Tropical-crisp-in-glass-dish-on-dark-background

Lime – For this Tropical Crisp I add fresh lime juice and zest to the crisp filling and it adds a zingy, acidic flavor that brings all of the fruit flavors together.

PapayaMonash University has lab tested ripe papaya and it contains no FODMAPs. This makes it a fantastic fruit to work with in the low FODMAP kitchen. (Check out our Papaya Salsa, where it is featured in style).

closeup-Low-FODMAP-Tropical-Crisp-in-a-glass-dish-with-chocolate-crisp-topping-dark-background

PineappleMonash and FODMAP Friendly have both lab tested fresh pineapple.

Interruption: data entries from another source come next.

text \<open>
  The map \<open>z \<mapsto> x + r z\<close> carries the unit ball \<open>B\<close> onto \<open>B\<^sub>r(x)\<close>, and the kernel
  of the fractional gradient is homogeneous of degree \<open>-(n + \<alpha>)\<close>. Hence
  \<open>\<nabla>\<^sup>\<alpha>\<chi>\<^bsub>B\<^sub>r(x)\<^esub>(x + r v) = r\<^sup>-\<^sup>\<alpha> \<nabla>\<^sup>\<alpha>\<chi>\<^bsub>B\<^esub>(v)\<close>, and the \<open>p\<close>-th power of the
  \<open>L\<^sup>p\<close> norm of \<open>\<nabla>\<^sup>\<alpha>\<chi>\<^bsub>B\<^sub>r(x)\<^esub>\<close> is \<open>r\<^sup>n\<^sup>-\<^sup>\<alpha>\<^sup>p\<close> times that of \<open>\<nabla>\<^sup>\<alpha>\<chi>\<^bsub>B\<^esub>\<close>.
  So \<open>c\<close> is the \<open>L\<^sup>p\<close> norm of \<open>\<nabla>\<^sup>\<alpha>\<chi>\<^bsub>B\<^esub>\<close>, and it remains to show \<open>0 < c < \<infinity>\<close>.

  For \<open>|y| > 1\<close> every \<open>z \<in> B\<close> satisfies \<open>y \<bullet> (z - y) < 0\<close>, so
  \<open>y \<bullet> \<nabla>\<^sup>\<alpha>\<chi>\<^bsub>B\<^esub>(y) < 0\<close> and \<open>c > 0\<close>.
  Only points \<open>z\<close> on the other side of the unit sphere contribute to the integral
  defining \<open>\<nabla>\<^sup>\<alpha>\<chi>\<^bsub>B\<^esub>(y)\<close>; this gives the bound \<open>C ||y| - 1|\<^sup>-\<^sup>\<alpha>\<close> near the sphere
  and \<open>C |y|\<^sup>-\<^sup>n\<^sup>-\<^sup>\<alpha>\<close> far from it. As \<open>\<alpha>p < 1\<close> and \<open>(n + \<alpha>)p > n\<close>, both bounds
  are \<open>p\<close>-integrable, which is checked by dyadic decompositions.
\<close>

section \<open>Lebesgue measure on Euclidean space\<close>

lemma lborel_integral_euclidean_affine:
  fixes f :: "'a::euclidean_space \<Rightarrow> 'b::{banach, second_countable_topology}"
  assumes [measurable]: "f \<in> borel_measurable borel" and c: "c \<noteq> 0"
  shows "(\<integral>x. f x \<partial>lborel) = \<bar>c\<bar> ^ DIM('a) *\<^sub>R (\<integral>x. f (t + c *\<^sub>R x) \<partial>lborel)"
proof -
  have "(\<integral>x. f x \<partial>lborel) =
      (\<integral>x. f x \<partial>density (distr lborel borel (\<lambda>x. t + c *\<^sub>R x)) (\<lambda>_. \<bar>c\<bar> ^ DIM('a)))"
    using lborel_affine[OF c, of t] by simp
  also have "\<dots> = (\<integral>x. \<bar>c\<bar> ^ DIM('a) *\<^sub>R f (t + c *\<^sub>R x) \<partial>lborel)"
    by (simp add: integral_density integral_distr)
  finally show ?thesis by simp
qed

Monash lab tests deem 1 cup fresh, chopped pineapple at 140 g to be Green Light low FODMAP. FODMAP Friendly give it a “Pass” at 1 cup (150 g). Monash has also tested dried pineapple and they have not determined a low FODMAP amount. It is Moderate at 25 g for fructans.

Vanilla – Vanilla is the only edible fruit of the orchid family, the largest family of flowering plants in the world. We like pure vanilla extract and call for it in this Tropical Crisp topping.

Low-FODMAP-Tropical-Crisp-in-a-glass-dish-with-chocolate-crisp-topping-dark-background

Looks Can Be Deceiving

I actually have never seen an ugly duckling, I find them all adorable, but you know the term. This Tropical Crisp is a bit homely – the food equivalent of an ugly duckling. I have tried my best to show you in images that it is enticing. I implore you to give it a try. You will not be disappointed.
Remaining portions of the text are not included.